WHAT YOU NEED TO DO
Print the records exactly as they are written.

[Stored data entries]
(* In the Call-by-Value probabilistic $\lambda$-calculus (as defined in the context), for every multi-distribution $\mathbf m$ and every subdistribution $\mathbf r$: if $\mathbf m\Rightarrow^{\mathrm{obs}_{\mathrm{Nnf}}}\mathbf r$ then $\mathbf m\Rightarrow_E^{\mathrm{obs}_{\mathrm{Nnf}}}\mathbf r$.
   Context: Terms $\Lambda_\oplus$: $M::=x\mid\lambda x.M\mid MM\mid M\oplus M$; values $V::=x\mid\lambda x.M$. Contexts $C::=[\,]\mid MC\mid CM\mid\lambda x.C\mid C\oplus M\mid M\oplus C$; weak contexts $W::=[\,]\mid WM\mid MW$. A multi-distribution is a finite multiset $[p_iM_i]_{i\in I}$ with $p_i\in(0,1]$, $\sum_ip_i\le1$; $+$ is multiset union, $q\cdot[p_iM_i]_i=[(qp_i)M_i]_i$, $[M]:=[1M]$. $C[(\lambda x.M)V]\to_{\beta_v}[C[M\{V/x\}]]$; $W[M\oplus N]\to_\oplus[\tfrac12W[M],\tfrac12W[N]]$; $\to:=\to_{\beta_v}\cup\to_\oplus$; surface reduction $\to_s$ is $\to_\oplus$ together with the closure of $\beta_v$ under weak contexts. $M$ is $\to$-normal (surface-normal) if no $\mathbf m$ with $M\to\mathbf m$ ($M\to_s\mathbf m$); $\mathrm{Nnf}$ is the set of $\to$-normal terms. The lifting $\Rightarrow_r$ of a relation $r$ is the least relation with $[M]\Rightarrow_r[M]$; $[M]\Rightarrow_r\mathbf m$ if $M\,r\,\mathbf m$; $[p_iM_i]_{i\in I}\Rightarrow_r\sum_ip_i\cdot\mathbf m_i$ if $[M_i]\Rightarrow_r\mathbf m_i$ for all $i$. $\Rightarrow$ is the lifting of $\to$. Let $\rightsquigarrow_U$ be the unbiased iteration of weak $\beta_v$-reduction on $\Lambda_\oplus$: if $M\to_wM'$ (closure of $\beta_v$ under weak contexts) then $M\rightsquigarrow_UM'$; if $M$ is $\to_w$-normal: $\lambda x.P\rightsquigarrow_U\lambda x.P'$, $PQ\rightsquigarrow_UP'Q$, $PQ\rightsquigarrow_UPQ'$, $P\oplus Q\rightsquigarrow_UP'\oplus Q$, $P\oplus Q\rightsquigarrow_UP\oplus Q'$ whenever $P\rightsquigarrow_UP'$, resp. $Q\rightsquigarrow_UQ'$. $\rightsquigarrow_E$: if $M$ is not surface-normal and $M\to_s\mathbf m$ then $M\rightsquigarrow_E\mathbf m$; if $M$ is surface-normal and $M\rightsquigarrow_UM'$ then $M\rightsquigarrow_E[M']$; $\Rightarrow_E$ is its lifting. $\mathrm{obs}_{\mathrm{Nnf}}([p_iM_i]_{i\in I})$ is the subdistribution $\mu$ on $\mathrm{Nnf}$ with $\mu(N)=\sum_{i:\,M_i=N}p_i$; subdistributions are ordered pointwise (an $\omega$-cpo with least element the zero subdistribution). For a relation $R$ on multi-distributions, $\mathbf m\,R^{\mathrm{obs}_{\mathrm{Nnf}}}\,\mathbf r$ means there is a maximal $R$-sequence $(\mathbf m_n)_n$ from $\mathbf m$ (infinite, or finite ending in an $R$-normal element and then continued constantly) with $\sup_n\mathrm{obs}_{\mathrm{Nnf}}(\mathbf m_n)=\mathbf r$. *)

theory Defs
  imports Complex_Main "HOL-Library.Multiset"
begin

datatype tm = Var nat | Lam tm | App tm tm | Choice tm tm  (* Choice M N = M \<oplus> N *)

fun is_value :: "tm \<Rightarrow> bool" where
  "is_value (Var _) = True"
| "is_value (Lam _) = True"
| "is_value _ = False"

fun shift :: "nat \<Rightarrow> tm \<Rightarrow> tm" where
  "shift k (Var i) = (if i < k then Var i else Var (Suc i))"
| "shift k (Lam M) = Lam (shift (Suc k) M)"
| "shift k (App M N) = App (shift k M) (shift k N)"
| "shift k (Choice M N) = Choice (shift k M) (shift k N)"

(* subst M k V = M{V/k} (capture-avoiding, indices above k decremented) *)
fun subst :: "tm \<Rightarrow> nat \<Rightarrow> tm \<Rightarrow> tm" where
  "subst (Var i) k V = (if i < k then Var i else if i = k then V else Var (i - 1))"
| "subst (Lam M) k V = Lam (subst M (Suc k) (shift 0 V))"
| "subst (App M N) k V = App (subst M k V) (subst N k V)"
| "subst (Choice M N) k V = Choice (subst M k V) (subst N k V)"

type_synonym mdist = "(real \<times> tm) multiset"

definition is_mdist :: "mdist \<Rightarrow> bool" where
  "is_mdist m \<longleftrightarrow> (\<forall>x\<in>#m. 0 < fst x \<and> fst x \<le> 1) \<and> sum_mset (image_mset fst m) \<le> 1"

definition single :: "tm \<Rightarrow> mdist" where
  "single M = {#(1, M)#}"

definition scale :: "real \<Rightarrow> mdist \<Rightarrow> mdist" where
  "scale q m = image_mset (\<lambda>(p, M). (q * p, M)) m"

WORKED SOLUTION
(* In the Call-by-Value probabilistic $\lambda$-calculus (as defined in the context), for every multi-distribution $\mathbf m$ and every subdistribution $\mathbf r$: if $\mathbf m\Rightarrow^{\mathrm{obs}_{\mathrm{Nnf}}}\mathbf r$ then $\mathbf m\Rightarrow_E^{\mathrm{obs}_{\mathrm{Nnf}}}\mathbf r$.
   Context: Terms $\Lambda_\oplus$: $M::=x\mid\lambda x.M\mid MM\mid M\oplus M$; values $V::=x\mid\lambda x.M$. Contexts $C::=[\,]\mid MC\mid CM\mid\lambda x.C\mid C\oplus M\mid M\oplus C$; weak contexts $W::=[\,]\mid WM\mid MW$. A multi-distribution is a finite multiset $[p_iM_i]_{i\in I}$ with $p_i\in(0,1]$, $\sum_ip_i\le1$; $+$ is multiset union, $q\cdot[p_iM_i]_i=[(qp_i)M_i]_i$, $[M]:=[1M]$. $C[(\lambda x.M)V]\to_{\beta_v}[C[M\{V/x\}]]$; $W[M\oplus N]\to_\oplus[\tfrac12W[M],\tfrac12W[N]]$; $\to:=\to_{\beta_v}\cup\to_\oplus$; surface reduction $\to_s$ is $\to_\oplus$ together with the closure of $\beta_v$ under weak contexts. $M$ is $\to$-normal (surface-normal) if no $\mathbf m$ with $M\to\mathbf m$ ($M\to_s\mathbf m$); $\mathrm{Nnf}$ is the set of $\to$-normal terms. The lifting $\Rightarrow_r$ of a relation $r$ is the least relation with $[M]\Rightarrow_r[M]$; $[M]\Rightarrow_r\mathbf m$ if $M\,r\,\mathbf m$; $[p_iM_i]_{i\in I}\Rightarrow_r\sum_ip_i\cdot\mathbf m_i$ if $[M_i]\Rightarrow_r\mathbf m_i$ for all $i$. $\Rightarrow$ is the lifting of $\to$. Let $\rightsquigarrow_U$ be the unbiased iteration of weak $\beta_v$-reduction on $\Lambda_\oplus$: if $M\to_wM'$ (closure of $\beta_v$ under weak contexts) then $M\rightsquigarrow_UM'$; if $M$ is $\to_w$-normal: $\lambda x.P\rightsquigarrow_U\lambda x.P'$, $PQ\rightsquigarrow_UP'Q$, $PQ\rightsquigarrow_UPQ'$, $P\oplus Q\rightsquigarrow_UP'\oplus Q$, $P\oplus Q\rightsquigarrow_UP\oplus Q'$ whenever $P\rightsquigarrow_UP'$, resp. $Q\rightsquigarrow_UQ'$. $\rightsquigarrow_E$: if $M$ is not surface-normal and $M\to_s\mathbf m$ then $M\rightsquigarrow_E\mathbf m$; if $M$ is surface-normal and $M\rightsquigarrow_UM'$ then $M\rightsquigarrow_E[M']$; $\Rightarrow_E$ is its lifting. $\mathrm{obs}_{\mathrm{Nnf}}([p_iM_i]_{i\in I})$ is the subdistribution $\mu$ on $\mathrm{Nnf}$ with $\mu(N)=\sum_{i:\,M_i=N}p_i$; subdistributions are ordered pointwise (an $\omega$-cpo with least element the zero subdistribution). For a relation $R$ on multi-distributions, $\mathbf m\,R^{\mathrm{obs}_{\mathrm{Nnf}}}\,\mathbf r$ means there is a maximal $R$-sequence $(\mathbf m_n)_n$ from $\mathbf m$ (infinite, or finite ending in an $R$-normal element and then continued constantly) with $\sup_n\mathrm{obs}_{\mathrm{Nnf}}(\mathbf m_n)=\mathbf r$. *)

theory Defs
  imports Complex_Main "HOL-Library.Multiset"
begin

datatype tm = Var nat | Lam tm | App tm tm | Choice tm tm  (* Choice M N = M \<oplus> N *)

fun is_value :: "tm \<Rightarrow> bool" where
  "is_value (Var _) = True"
| "is_value (Lam _) = True"
| "is_value _ = False"

fun shift :: "nat \<Rightarrow> tm \<Rightarrow> tm" where
  "shift k (Var i) = (if i < k then Var i else Var (Suc i))"
| "shift k (Lam M) = Lam (shift (Suc k) M)"
| "shift k (App M N) = App (shift k M) (shift k N)"
| "shift k (Choice M N) = Choice (shift k M) (shift k N)"

(* subst M k V = M{V/k} (capture-avoiding, indices above k decremented) *)
fun subst :: "tm \<Rightarrow> nat \<Rightarrow> tm \<Rightarrow> tm" where
  "subst (Var i) k V = (if i < k then Var i else if i = k then V else Var (i - 1))"
| "subst (Lam M) k V = Lam (subst M (Suc k) (shift 0 V))"
| "subst (App M N) k V = App (subst M k V) (subst N k V)"
| "subst (Choice M N) k V = Choice (subst M k V) (subst N k V)"

type_synonym mdist = "(real \<times> tm) multiset"

definition is_mdist :: "mdist \<Rightarrow> bool" where
  "is_mdist m \<longleftrightarrow> (\<forall>x\<in>#m. 0 < fst x \<and> fst x \<le> 1) \<and> sum_mset (image_mset fst m) \<le> 1"

definition single :: "tm \<Rightarrow> mdist" where
  "single M = {#(1, M)#}"

definition scale :: "real \<Rightarrow> mdist \<Rightarrow> mdist" where
  "scale q m = image_mset (\<lambda>(p, M). (q * p, M)) m"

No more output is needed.